• [The data]:
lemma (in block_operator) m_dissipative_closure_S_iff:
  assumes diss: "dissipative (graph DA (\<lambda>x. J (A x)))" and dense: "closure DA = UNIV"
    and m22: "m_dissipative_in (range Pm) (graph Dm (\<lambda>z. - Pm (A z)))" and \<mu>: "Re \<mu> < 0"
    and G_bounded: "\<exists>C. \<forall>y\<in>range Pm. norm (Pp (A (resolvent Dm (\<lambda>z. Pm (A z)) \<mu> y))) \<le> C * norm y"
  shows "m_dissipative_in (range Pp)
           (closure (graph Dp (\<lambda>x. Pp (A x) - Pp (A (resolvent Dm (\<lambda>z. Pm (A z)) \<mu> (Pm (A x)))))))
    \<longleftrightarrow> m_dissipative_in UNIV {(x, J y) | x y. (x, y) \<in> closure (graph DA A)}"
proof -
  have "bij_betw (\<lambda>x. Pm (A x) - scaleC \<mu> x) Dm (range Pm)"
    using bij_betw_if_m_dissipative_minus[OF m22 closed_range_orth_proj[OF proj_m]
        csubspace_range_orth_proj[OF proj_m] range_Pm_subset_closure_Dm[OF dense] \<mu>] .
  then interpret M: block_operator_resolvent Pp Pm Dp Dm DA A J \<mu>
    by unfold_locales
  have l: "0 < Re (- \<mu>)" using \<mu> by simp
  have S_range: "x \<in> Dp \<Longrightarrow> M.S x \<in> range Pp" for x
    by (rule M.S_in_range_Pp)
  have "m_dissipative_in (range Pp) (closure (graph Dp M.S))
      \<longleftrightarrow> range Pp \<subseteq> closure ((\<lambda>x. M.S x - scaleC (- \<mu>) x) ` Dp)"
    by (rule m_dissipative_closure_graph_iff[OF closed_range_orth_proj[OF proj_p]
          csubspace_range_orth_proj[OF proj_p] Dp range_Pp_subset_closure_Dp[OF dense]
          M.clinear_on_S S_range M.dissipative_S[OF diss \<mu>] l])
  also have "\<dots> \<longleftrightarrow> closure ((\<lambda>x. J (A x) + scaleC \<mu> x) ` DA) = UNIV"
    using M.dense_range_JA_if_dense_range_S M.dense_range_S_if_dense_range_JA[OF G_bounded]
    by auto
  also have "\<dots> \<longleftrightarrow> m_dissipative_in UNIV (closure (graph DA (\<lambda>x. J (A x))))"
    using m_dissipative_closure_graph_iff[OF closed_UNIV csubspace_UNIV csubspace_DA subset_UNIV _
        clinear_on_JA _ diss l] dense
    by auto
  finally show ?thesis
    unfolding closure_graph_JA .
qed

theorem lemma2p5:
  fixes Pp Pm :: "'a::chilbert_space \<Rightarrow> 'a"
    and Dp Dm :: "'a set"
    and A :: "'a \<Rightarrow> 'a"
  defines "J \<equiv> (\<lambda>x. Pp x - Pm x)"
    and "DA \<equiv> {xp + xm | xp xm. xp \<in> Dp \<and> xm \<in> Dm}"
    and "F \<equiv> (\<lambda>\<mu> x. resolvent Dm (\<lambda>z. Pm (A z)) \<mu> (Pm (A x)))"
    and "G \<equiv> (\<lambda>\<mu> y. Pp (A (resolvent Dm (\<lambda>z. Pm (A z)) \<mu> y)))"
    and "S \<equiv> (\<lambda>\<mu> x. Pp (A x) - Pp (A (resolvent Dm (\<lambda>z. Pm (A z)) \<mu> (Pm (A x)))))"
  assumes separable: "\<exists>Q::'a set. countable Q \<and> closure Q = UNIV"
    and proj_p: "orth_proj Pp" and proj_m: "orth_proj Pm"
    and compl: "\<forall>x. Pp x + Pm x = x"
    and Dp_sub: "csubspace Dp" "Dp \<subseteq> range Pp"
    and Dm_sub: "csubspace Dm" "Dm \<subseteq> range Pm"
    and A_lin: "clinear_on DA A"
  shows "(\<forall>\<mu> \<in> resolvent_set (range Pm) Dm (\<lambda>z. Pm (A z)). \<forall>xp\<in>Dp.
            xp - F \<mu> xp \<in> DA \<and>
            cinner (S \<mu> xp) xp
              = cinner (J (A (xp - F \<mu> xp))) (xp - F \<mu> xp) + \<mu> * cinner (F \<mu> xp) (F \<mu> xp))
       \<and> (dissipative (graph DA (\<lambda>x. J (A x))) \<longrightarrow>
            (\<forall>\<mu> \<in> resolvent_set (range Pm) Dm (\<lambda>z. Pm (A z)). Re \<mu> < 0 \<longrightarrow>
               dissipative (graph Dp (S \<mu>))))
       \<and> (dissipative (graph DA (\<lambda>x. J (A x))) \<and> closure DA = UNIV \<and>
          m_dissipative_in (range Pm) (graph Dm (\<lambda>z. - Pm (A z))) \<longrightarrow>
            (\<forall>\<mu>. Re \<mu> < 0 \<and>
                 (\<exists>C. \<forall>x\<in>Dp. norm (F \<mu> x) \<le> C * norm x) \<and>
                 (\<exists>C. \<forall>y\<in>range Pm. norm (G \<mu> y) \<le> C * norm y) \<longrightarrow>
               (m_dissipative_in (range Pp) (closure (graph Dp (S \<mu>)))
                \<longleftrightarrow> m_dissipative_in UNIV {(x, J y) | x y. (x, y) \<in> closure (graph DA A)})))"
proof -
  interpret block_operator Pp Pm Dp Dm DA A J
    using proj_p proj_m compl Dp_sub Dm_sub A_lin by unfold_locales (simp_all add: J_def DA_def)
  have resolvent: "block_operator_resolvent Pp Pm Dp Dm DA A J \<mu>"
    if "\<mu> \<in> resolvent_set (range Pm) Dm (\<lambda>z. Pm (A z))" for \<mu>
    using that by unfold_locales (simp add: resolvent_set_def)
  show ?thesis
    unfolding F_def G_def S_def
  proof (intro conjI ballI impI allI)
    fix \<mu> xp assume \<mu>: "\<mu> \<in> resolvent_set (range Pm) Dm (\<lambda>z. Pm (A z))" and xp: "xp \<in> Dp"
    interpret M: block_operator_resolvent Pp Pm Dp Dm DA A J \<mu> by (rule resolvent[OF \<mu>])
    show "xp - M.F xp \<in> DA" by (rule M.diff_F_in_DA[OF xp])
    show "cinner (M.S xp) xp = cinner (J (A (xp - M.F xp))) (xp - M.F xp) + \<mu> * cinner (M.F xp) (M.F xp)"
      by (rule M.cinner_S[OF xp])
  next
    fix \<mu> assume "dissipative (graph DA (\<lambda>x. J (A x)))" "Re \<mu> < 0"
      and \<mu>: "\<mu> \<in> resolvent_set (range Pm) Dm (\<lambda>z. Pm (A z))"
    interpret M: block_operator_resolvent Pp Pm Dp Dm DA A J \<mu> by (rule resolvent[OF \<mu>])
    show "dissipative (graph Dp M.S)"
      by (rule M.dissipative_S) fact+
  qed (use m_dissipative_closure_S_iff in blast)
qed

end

• [Action item]:
Reproduce verbatim the lines above, from the line with "(A x))) \<longrightarrow>" through the line with "dissipative (graph Dp (S".

• [Solved problem]:
       \<and> (dissipative (graph DA (\<lambda>x. J (A x))) \<longrightarrow>
            (\<forall>\<mu> \<in> resolvent_set (range Pm) Dm (\<lambda>z. Pm (A z)). Re \<mu> < 0 \<longrightarrow>
               dissipative (graph Dp (S \<mu>))))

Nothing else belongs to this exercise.